傍晚時分,容亭下值歸來,只見門前多了一位客人,那人穿著一襲杏色衣裙,梳著蟬鬢,面容宛若芙渠,艷若芙蓉。
他微微擰眉:「你怎麼還在這裡?」
他不是已經吩咐了下人,若是她想走,什麼時候都可以走的嗎?都過了這些日子了,怎麼還在?

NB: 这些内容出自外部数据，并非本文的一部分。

(* Let $\varrho>1$ and $\widetilde{\sigma}_e^2>0$, and put $\check{x}=\widetilde{\sigma}_e^2/\varrho$, $\hat{x}=\varrho\,\widetilde{\sigma}_e^2$. Let $\sigma_e^2$ be a random variable with probability density $f_{\sigma_e^2}(x)=\frac{1}{2x\ln(\varrho)}$ for $x\in[\check{x},\hat{x}]$ (and $0$ otherwise). Let $P_0>0$, $\eta>0$, $\kappa\in(0,1)$, $\zeta\in(0,1]$, $\alpha>0$, let $d_{p_T}^e,d_{p_T}^b,d_b^e>0$ and $g_b^e\in\mathbb{C}$ be fixed, and set $$|h_{f_T}^b|^2=\eta\,(d_{p_T}^b)^{-2},\qquad |h_b^e|^2=\eta\,(d_b^e)^{-\alpha}|g_b^e|^2,$$ $$\Delta_1=P_0\,\eta\,(d_{p_T}^e)^{-2},\qquad \Delta_2=\Delta_1+\zeta\kappa P_0\,|h_{f_T}^b|^2|h_b^e|^2 .$$ For a threshold $\Gamma_{\text{th}}\in\mathbb{R}$ define the false-alarm probability $\mathcal{P}_f(\Gamma_{\text{th}})=\mathbb{P}(\Delta_1+\sigma_e^2\ge\Gamma_{\text{th}})$, the miss-detection probability $\mathcal{P}_m(\Gamma_{\text{th}})=\mathbb{P}(\Delta_2+\sigma_e^2\le\Gamma_{\text{th}})$, and the total detection error probability $\mathcal{P}_{\text{total}}(\Gamma_{\text{th}})=\mathcal{P}_f(\Gamma_{\text{th}})+\mathcal{P}_m(\Gamma_{\text{th}})$. Assume $\Delta_2-\Delta_1\le\hat{x}-\check{x}$. Then $\Gamma_{\text{th}}^*=\check{x}+\Delta_2$ minimizes $\mathcal{P}_{\text{total}}$ over $\Gamma_{\text{th}}\in\mathbb{R}$, and the minimum value is $$\mathcal{P}_{\text{total}}^*=\frac{1}{2\ln(\varrho)}\ln\!\left(\frac{\hat{x}}{\check{x}+\zeta\kappa P_0\,|h_{f_T}^b|^2\,|h_b^e|^2}\right).$$
   Context: This models an eavesdropper performing energy detection: it compares its received power $\Delta_i+\sigma_e^2$ ($i=1$ under the hypothesis that the backscatter device is silent, $i=2$ when it transmits) with a threshold $\Gamma_{\text{th}}$. The noise power $\sigma_e^2$ is uncertain: in dB it is uniform on $[\widetilde{\sigma}^2_{e,\text{dB}}-\varrho_{\text{dB}},\widetilde{\sigma}^2_{e,\text{dB}}+\varrho_{\text{dB}}]$, which gives the stated density on $[\check{x},\hat{x}]$. Here $\zeta$ is the backscattering efficiency, $\kappa$ the reflected power fraction, $P_0$ the transmit power, $\eta$ the reference path loss, $d$'s are distances, $\alpha$ the path-loss exponent and $g_b^e$ the small-scale fading coefficient of the device-to-eavesdropper link. *)

theory Defs
  imports "HOL-Probability.Probability"
begin

definition noise_density :: "real \<Rightarrow> real \<Rightarrow> real \<Rightarrow> real" where
  "noise_density rho s x = (if s / rho \<le> x \<and> x \<le> rho * s then 1 / (2 * x * ln rho) else 0)"

definition P_f :: "'a measure \<Rightarrow> ('a \<Rightarrow> real) \<Rightarrow> real \<Rightarrow> real \<Rightarrow> real" where
  "P_f M X D1 \<Gamma> = measure M {\<omega> \<in> space M. D1 + X \<omega> \<ge> \<Gamma>}"

definition P_m :: "'a measure \<Rightarrow> ('a \<Rightarrow> real) \<Rightarrow> real \<Rightarrow> real \<Rightarrow> real" where
  "P_m M X D2 \<Gamma> = measure M {\<omega> \<in> space M. D2 + X \<omega> \<le> \<Gamma>}"

definition P_total :: "'a measure \<Rightarrow> ('a \<Rightarrow> real) \<Rightarrow> real \<Rightarrow> real \<Rightarrow> real \<Rightarrow> real" where
  "P_total M X D1 D2 \<Gamma> = P_f M X D1 \<Gamma> + P_m M X D2 \<Gamma>"

end

theory Submission
  imports Defs
begin

text \<open>The noise power is log-uniform: \<open>ln \<sigma>\<^sub>e\<^sup>2\<close> is uniform, so its distribution function is
  affine in \<open>ln x\<close>. Writing \<open>F\<close> for it and \<open>c = \<Delta>\<^sub>2 - \<Delta>\<^sub>1\<close>, the total error at threshold \<open>\<Gamma>\<close> is
  \<open>1 - (F (t + c) - F t)\<close> with \<open>t = \<Gamma> - \<Delta>\<^sub>2\<close>, i.e. one minus the mass of a window of length \<open>c\<close>.
  Since the density \<open>1/x\<close> decreases, the heaviest window is the one starting at the lower end of the support.\<close>

definition log_uniform_density :: "real \<Rightarrow> real \<Rightarrow> real \<Rightarrow> real" where
  "log_uniform_density a b x = (if a \<le> x \<and> x \<le> b then 1 / (x * (ln b - ln a)) else 0)"

definition log_uniform_cdf :: "real \<Rightarrow> real \<Rightarrow> real \<Rightarrow> real" where
  "log_uniform_cdf a b y = (ln (max a (min y b)) - ln a) / (ln b - ln a)"

lemma noise_density_eq_log_uniform_density:
  assumes "rho > 1" "s > 0"
  shows "noise_density rho s = log_uniform_density (s / rho) (rho * s)"
proof -
  have "ln (rho * s) - ln (s / rho) = 2 * ln rho"
    using assms by (simp add: ln_mult ln_div)
  then show ?thesis
    by (simp add: fun_eq_iff noise_density_def log_uniform_density_def mult.commute mult.left_commute)
qed

lemma has_integral_inverse:
  fixes p q :: real
  assumes "0 < p" "p \<le> q"
  shows "((\<lambda>x. 1 / x) has_integral (ln q - ln p)) {p..q}"
proof (rule fundamental_theorem_of_calculus[OF assms(2)])
  fix x assume "x \<in> {p..q}"
  then have "x > 0" using assms by auto
  then show "(ln has_vector_derivative 1 / x) (at x within {p..q})"
    by (auto intro!: has_field_derivative_at_within DERIV_ln
        simp: has_real_derivative_iff_has_vector_derivative[symmetric] divide_inverse)
qed

lemma prob_log_uniform_interval:
  assumes X: "distributed M lborel X (\<lambda>x. ennreal (log_uniform_density a b x))"
    and "0 < a" "a < b" "a \<le> p" "p \<le> q" "q \<le> b"
    and A: "A \<in> sets borel"
    and A_ae: "AE x in lborel. (x \<in> A \<and> a \<le> x \<and> x \<le> b) \<longleftrightarrow> p \<le> x \<and> x \<le> q"
  shows "measure M (X -` A \<inter> space M) = (ln q - ln p) / (ln b - ln a)"
proof -
  define L where "L = ln b - ln a"
  have "L > 0" using assms(2,3) by (simp add: L_def)
  have "((\<lambda>x. 1 / x / L) has_integral ((ln q - ln p) / L)) {p..q}"
    using has_integral_inverse[of p q] assms(2,4,5) by (intro has_integral_divide) auto
  then have I: "(\<integral>\<^sup>+x. ennreal (1 / (x * L)) * indicator {p..q} x \<partial>lborel) = ennreal ((ln q - ln p) / L)"
    using \<open>L > 0\<close> assms(2,4) by (intro nn_integral_has_integral_lebesgue') auto
  have "emeasure M (X -` A \<inter> space M) = (\<integral>\<^sup>+x. ennreal (log_uniform_density a b x) * indicator A x \<partial>lborel)"
    using distributed_emeasure[OF X] A by simp
  also have "\<dots> = (\<integral>\<^sup>+x. ennreal (1 / (x * L)) * indicator {p..q} x \<partial>lborel)"
    using A_ae assms(4,6)
    by (intro nn_integral_cong_AE) (auto elim!: eventually_mono
        simp: log_uniform_density_def L_def indicator_def)
  finally show ?thesis
    using I \<open>L > 0\<close> assms(2,4,5) by (simp add: measure_def L_def)
qed

lemma prob_log_uniform_atMost:
  assumes X: "distributed M lborel X (\<lambda>x. ennreal (log_uniform_density a b x))"
    and "0 < a" "a < b"
  shows "measure M (X -` {..y} \<inter> space M) = log_uniform_cdf a b y"
  unfolding log_uniform_cdf_def
  using assms
  by (intro prob_log_uniform_interval eventually_mono[OF AE_lborel_singleton[of a]]) auto

lemma prob_log_uniform_atLeast:
  assumes X: "distributed M lborel X (\<lambda>x. ennreal (log_uniform_density a b x))"
    and "0 < a" "a < b"
  shows "measure M (X -` {y..} \<inter> space M) = 1 - log_uniform_cdf a b y"
proof -
  have "measure M (X -` {y..} \<inter> space M) = (ln b - ln (max a (min y b))) / (ln b - ln a)"
    using assms
    by (intro prob_log_uniform_interval eventually_mono[OF AE_lborel_singleton[of b]]) auto
  moreover have "ln a < ln b" using assms(2,3) by simp
  ultimately show ?thesis by (simp add: log_uniform_cdf_def field_simps)
qed

lemma log_uniform_cdf_eq:
  assumes "a \<le> y" "y \<le> b"
  shows "log_uniform_cdf a b y = (ln y - ln a) / (ln b - ln a)"
  using assms by (simp add: log_uniform_cdf_def)

text \<open>Clamping to \<open>[a, b]\<close> is monotone and 1-Lipschitz, so the clamped endpoints \<open>u \<le> v\<close>
  of the window satisfy \<open>v \<le> u + c\<close>, whence \<open>v / u \<le> (u + c) / u \<le> (a + c) / a\<close> as \<open>u \<ge> a\<close>.\<close>
lemma log_uniform_cdf_window_le:
  assumes "0 < a" "a < b" "0 \<le> c"
  shows "log_uniform_cdf a b (t + c) - log_uniform_cdf a b t \<le> log_uniform_cdf a b (a + c)"
proof -
  define u where "u = max a (min t b)"
  define v where "v = max a (min (t + c) b)"
  have "a \<le> u" "v \<le> u + c" "0 < v" "v \<le> b" using assms by (auto simp: u_def v_def)
  have "v * a \<le> (u + c) * a" using \<open>v \<le> u + c\<close> assms(1) by (simp add: mult_right_mono)
  also have "\<dots> \<le> u * (a + c)" using \<open>a \<le> u\<close> assms(3) mult_left_mono[of a u c]
    by (simp add: algebra_simps)
  finally have "ln (v * a) \<le> ln (u * (a + c))"
    using \<open>0 < v\<close> \<open>a \<le> u\<close> assms by (subst ln_le_cancel_iff) auto
  then have "ln v - ln u \<le> ln (a + c) - ln a"
    using \<open>0 < v\<close> \<open>a \<le> u\<close> assms by (simp add: ln_mult)
  moreover have "ln v - ln u \<le> ln b - ln a"
    using \<open>0 < v\<close> \<open>v \<le> b\<close> \<open>a \<le> u\<close> assms(1) by (simp add: diff_mono)
  ultimately have "ln v - ln u \<le> ln (max a (min (a + c) b)) - ln a"
    using assms by (cases "a + c \<le> b") auto
  then show ?thesis
    using assms
    by (simp add: log_uniform_cdf_def u_def v_def divide_right_mono diff_divide_distrib[symmetric])
qed

lemma P_total_log_uniform:
  assumes X: "distributed M lborel X (\<lambda>x. ennreal (log_uniform_density a b x))"
    and "0 < a" "a < b"
  shows "P_total M X D1 D2 \<Gamma> = 1 - (log_uniform_cdf a b (\<Gamma> - D1) - log_uniform_cdf a b (\<Gamma> - D2))"
proof -
  have "{\<omega> \<in> space M. D1 + X \<omega> \<ge> \<Gamma>} = X -` {\<Gamma> - D1..} \<inter> space M"
    and "{\<omega> \<in> space M. D2 + X \<omega> \<le> \<Gamma>} = X -` {..\<Gamma> - D2} \<inter> space M"
    by auto
  then show ?thesis
    using prob_log_uniform_atLeast[OF assms] prob_log_uniform_atMost[OF assms]
    by (simp add: P_total_def P_f_def P_m_def)
qed

theorem lemma1:
  fixes M :: "'a measure" and X :: "'a \<Rightarrow> real"
    and rho s P0 \<eta> \<kappa> \<zeta> \<alpha> d_pe d_pb d_be h_fb h_be D1 D2 :: real and g :: complex
  assumes "prob_space M"
    and "rho > 1" and "s > 0"
    and "distributed M lborel X (\<lambda>x. ennreal (noise_density rho s x))"
    and "P0 > 0" and "\<eta> > 0" and "0 < \<kappa>" and "\<kappa> < 1" and "0 < \<zeta>" and "\<zeta> \<le> 1"
    and "\<alpha> > 0" and "d_pe > 0" and "d_pb > 0" and "d_be > 0"
  assumes "h_fb = \<eta> * d_pb powr (-2)"
    and "h_be = \<eta> * d_be powr (-\<alpha>) * (cmod g)\<^sup>2"
    and "D1 = P0 * \<eta> * d_pe powr (-2)"
    and "D2 = D1 + \<zeta> * \<kappa> * P0 * h_fb * h_be"
    and "D2 - D1 \<le> rho * s - s / rho"
  shows "(\<forall>\<Gamma>::real. P_total M X D1 D2 (s / rho + D2) \<le> P_total M X D1 D2 \<Gamma>)
         \<and> P_total M X D1 D2 (s / rho + D2)
             = 1 / (2 * ln rho) * ln ((rho * s) / (s / rho + \<zeta> * \<kappa> * P0 * h_fb * h_be))"
proof -
  define a where "a = s / rho"
  define b where "b = rho * s"
  define c where "c = \<zeta> * \<kappa> * P0 * h_fb * h_be"
  define F where "F = log_uniform_cdf a b"
  have "0 < a" "a < b" "ln b - ln a = 2 * ln rho"
    using assms(2,3) by (auto simp: a_def b_def ln_mult ln_div divide_less_eq less_1_mult)
  have "0 \<le> c" "a + c \<le> b" "D2 = D1 + c"
    using assms(5-7,9,15,16,18,19) by (simp_all add: a_def b_def c_def)
  have X: "distributed M lborel X (\<lambda>x. ennreal (log_uniform_density a b x))"
    using assms(4) noise_density_eq_log_uniform_density[OF assms(2,3)] by (simp add: a_def b_def)
  have P_total: "P_total M X D1 D2 \<Gamma> = 1 - (F ((\<Gamma> - D2) + c) - F (\<Gamma> - D2))" for \<Gamma>
    using P_total_log_uniform[OF X \<open>0 < a\<close> \<open>a < b\<close>] \<open>D2 = D1 + c\<close> by (simp add: F_def)
  have optimum: "P_total M X D1 D2 (a + D2) = 1 - F (a + c)"
    using \<open>0 \<le> c\<close> \<open>a < b\<close> by (simp add: P_total F_def log_uniform_cdf_eq)
  have window: "F ((\<Gamma> - D2) + c) - F (\<Gamma> - D2) \<le> F (a + c)" for \<Gamma>
    using log_uniform_cdf_window_le[OF \<open>0 < a\<close> \<open>a < b\<close> \<open>0 \<le> c\<close>] by (simp add: F_def)
  have "1 - F (a + c) = 1 / (2 * ln rho) * ln (b / (a + c))"
    using \<open>0 < a\<close> \<open>0 \<le> c\<close> \<open>a + c \<le> b\<close> \<open>ln b - ln a = 2 * ln rho\<close> assms(2)
    by (simp add: F_def log_uniform_cdf_eq ln_div field_simps)
  with optimum show ?thesis
    unfolding a_def[symmetric] b_def[symmetric] c_def[symmetric]
    by (metis P_total window diff_left_mono)
qed

end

白蓮姑娘溫柔地笑了笑,仿若是一朵溫柔的解語花:「也並非是妾身不想走,只是三爺這兒的日子當真是太自在了,妾身啊,實在是有些捨不得離開。」
「不知三爺可是願意讓妾身進門說幾句話?待這話說完了,妾身也差不多該走了。」
容亭看了她一眼,點了點頭,推開了東廂的大門,請她進去。
容亭和容曉一直住在東廂,中間充當明廳用著,父子裡各住一邊,至於住在正房的容晴,容亭也已經很久沒見過了。
他到如今,還不知道該如何面對他這個養了十幾年的女兒。
「請坐。」
白蓮姑娘依言坐了下來,而後定定地打量了容亭好一會兒,最後嘖嘖了兩聲,嘆氣:「若是三爺再出色一些,妾身或許就當真不走了,甘願一輩子伺候三爺。」
「只是妾身愛熱鬧,也期望著這將來的郎君是一位英豪,可惜了。」容亭雖好,但確實太貴普通,這輩子估計都沒有什麼作為,大約就這樣不好不壞的過一輩子。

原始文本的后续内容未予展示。